Lecture 09 - Modeling Events

Author

Isabella C. Richmond

Published

March 20, 2024

Rose / Thorn

Rose:

Thorn:

Modeling Events

NOTE: read causal foundations of bias, fairness, and …

observations are counts
unknowns are possibilities, odds
everything is interacting
“log-odds” scale

Estimand: what is the effect of gender on university admissions?
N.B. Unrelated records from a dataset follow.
lemma prob01_sets_eq: "prob01 M \<Longrightarrow> prob01 N \<Longrightarrow> sets N = sets M"
  unfolding prob01_def by simp

lemma prob01_sets: "prob01 M \<Longrightarrow> A \<in> sets borel \<Longrightarrow> A \<subseteq> {0..1} \<Longrightarrow> A \<in> sets M"
  unfolding prob01_def by (simp add: sets_restrict_space_iff)

lemma prob01_measurable:
  "prob01 M \<Longrightarrow> f \<in> borel_measurable (restrict_space borel {0..1}) \<Longrightarrow> f \<in> borel_measurable M"
  unfolding prob01_def using measurable_cong_sets by blast

lemma prob01_measurable_continuous:
  "prob01 M \<Longrightarrow> continuous_on {0..1} f \<Longrightarrow> f \<in> borel_measurable M"
  using prob01_measurable borel_measurable_continuous_on_restrict by blast

lemma prob01_integrable_continuous:
  fixes f :: "real \<Rightarrow> real"
  assumes M: "prob01 M" and f: "continuous_on {0..1} f"
  shows "integrable M f"
proof -
  interpret prob_space M using M by (rule prob01_prob_space)
  obtain B where "\<And>x. x \<in> {0..1} \<Longrightarrow> norm (f x) \<le> B"
    using compact_imp_bounded[OF compact_continuous_image[OF f compact_Icc]]
    unfolding bounded_iff by fastforce
  then show ?thesis
    using prob01_measurable_continuous[OF M f]
    by (intro integrable_const_bound[where B = B]) (auto simp: prob01_space[OF M])
qed

lemma (in prob_space) abs_integral_diff_le:
  fixes f g :: "'a \<Rightarrow> real"
  assumes f: "integrable M f" and g: "integrable M g"
    and le: "\<And>x. x \<in> space M \<Longrightarrow> \<bar>f x - g x\<bar> \<le> a"
  shows "\<bar>(\<integral>x. f x \<partial>M) - (\<integral>x. g x \<partial>M)\<bar> \<le> a"
proof -
  have "(\<integral>x. f x - g x \<partial>M) \<le> (\<integral>x. a \<partial>M)" "(\<integral>x. g x - f x \<partial>M) \<le> (\<integral>x. a \<partial>M)"
    using f g le by (intro integral_mono; force simp: abs_le_iff)+
  then show ?thesis
    using f g by (simp add: abs_le_iff prob_space)
qed

section \<open>Uniform continuity and diagonal sequences\<close>

lemma uniformly_continuous_on_eventually_mesh:
  assumes "uniformly_continuous_on S f" "e > 0"
  shows "\<forall>\<^sub>F n in sequentially. \<forall>x\<in>S. \<forall>y\<in>S. dist x y \<le> 1 / real n \<longrightarrow> dist (f x) (f y) < e"
proof -
  obtain d where "d > 0" and d: "\<And>x y. x \<in> S \<Longrightarrow> y \<in> S \<Longrightarrow> dist x y < d \<Longrightarrow> dist (f x) (f y) < e"
    using assms unfolding uniformly_continuous_on_def by metis
  have "\<forall>\<^sub>F n in sequentially. 1 / real n < d"
    using \<open>d > 0\<close> by (rule order_tendstoD[OF lim_const_over_n])
  then show ?thesis
    by eventually_elim (use d in force)
qed

lemma Greatest_less_seq:
  fixes e :: "nat \<Rightarrow> real"
  assumes e: "\<And>k. e k \<le> 1 / real (Suc k)" and "0 < t" "t < e m"
  shows "t < e (GREATEST k. t < e k)" "m \<le> (GREATEST k. t < e k)"
proof -
  have bound: "k \<le> nat \<lceil>1 / t\<rceil>" if "t < e k" for k
  proof -
    have "t < 1 / real (Suc k)"
      using that e[of k] by linarith
    then have "real (Suc k) < 1 / t"
      using \<open>0 < t\<close> by (simp add: field_simps)
    then show ?thesis
      by linarith
  qed
  show "t < e (GREATEST k. t < e k)"
    by (rule GreatestI_nat[where P = "\<lambda>k. t < e k", OF \<open>t < e m\<close> bound])
  show "m \<le> (GREATEST k. t < e k)"
    by (rule Greatest_le_nat[where P = "\<lambda>k. t < e k", OF \<open>t < e m\<close> bound])
qed

lemma eventually_at_right_diagonal:
  fixes P :: "nat \<Rightarrow> real \<Rightarrow> bool"
  assumes "\<And>n. \<forall>\<^sub>F x in at_right a. P n x"
  obtains N :: "real \<Rightarrow> nat" where "filterlim N at_top (at_right a)" "\<forall>\<^sub>F x in at_right a. P (N x) x"
proof -
  obtain b where b: "\<And>n. a < b n" "\<And>n x. a < x \<Longrightarrow> x < b n \<Longrightarrow> P n x"
    using assms unfolding eventually_at_right_field by metis
  define e where "e n = min (1 / real (Suc n)) (b n - a)" for n
  have e_le: "e k \<le> 1 / real (Suc k)" for k
    by (simp add: e_def)
  have close: "\<forall>\<^sub>F x in at_right a. x - a < e m" for m
    using b(1) by (intro eventually_at_rightI[of a "a + e m"]) (auto simp: e_def)
  define N where "N x = (GREATEST m. x - a < e m)" for x
  show ?thesis
  proof
    show "filterlim N at_top (at_right a)"
      unfolding filterlim_at_top
    proof
      fix m
      show "\<forall>\<^sub>F x in at_right a. m \<le> N x"
        using close[of m] eventually_at_right_less[of a]
        by eventually_elim (simp add: N_def Greatest_less_seq(2)[OF e_le])
    qed
    show "\<forall>\<^sub>F x in at_right a. P (N x) x"
      using close[of 0] eventually_at_right_less[of a]
    proof eventually_elim
      case (elim x)
      then have "x - a < e (N x)"
        unfolding N_def by (intro Greatest_less_seq(1)[OF e_le]) auto
      then show "P (N x) x"
        using b(2) elim by (simp add: e_def)
    qed
  qed
qed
perception of gender by admissions officer is what truly matters here
total effect of discrimination is what people experience
direct discrimination: status-based (referees are biased for or against certain gender)
indirect discrimination: structural (gender influences what discipline you are interested in and that discipline is underfunded)
quite often, the thing we are able to estimate is not what we want (total effects are easier to estimate but subpaths are interesting and important to understanding equity)
many unobserved confounds in this setup

Generative Model:

N <- 1000 # number of applicants
G <- sample(1:2, size = N, replace = T) # gender distribution
D <- rbern(N, ifelse(G==1, 0.3, 0.8)) + 1 #gener 1 tends to apply to appartment 1, 2 to 2
accept_rate <- matrix(c(0.1, 0.3, 0.1, 0.3), nrow = 2) # matrix of acceptance rates [dept, gender]
A <- rbern(N, accept_rate[D,G]) # simulate acceptance

Modeling Events

we observe: count of events
we estimate: probability (or log-odds) of events
- like the globe tossing model, but need “proportion of water” stratified by other variables

Generalized Linear Models

linear models: expected value is additive “linear” combination of parameters
generalized linear models: expected value is some function of an additive combination of parameters
- works because normal distribution is unbounded on both sides
- when you have probabilities, which are bounded by 0 and 1, you make the expected value a function of the additive model
- choosing the function so that it works well is the art of linear models

\[ Y_i \sim Bernoulli (p_i) \\ f(p_i) = \alpha + \beta_XX_i + \beta_Z Z_i \\ p_i = f^{-1}(\alpha + \beta_XX_i + \beta_Z Z_i ) \]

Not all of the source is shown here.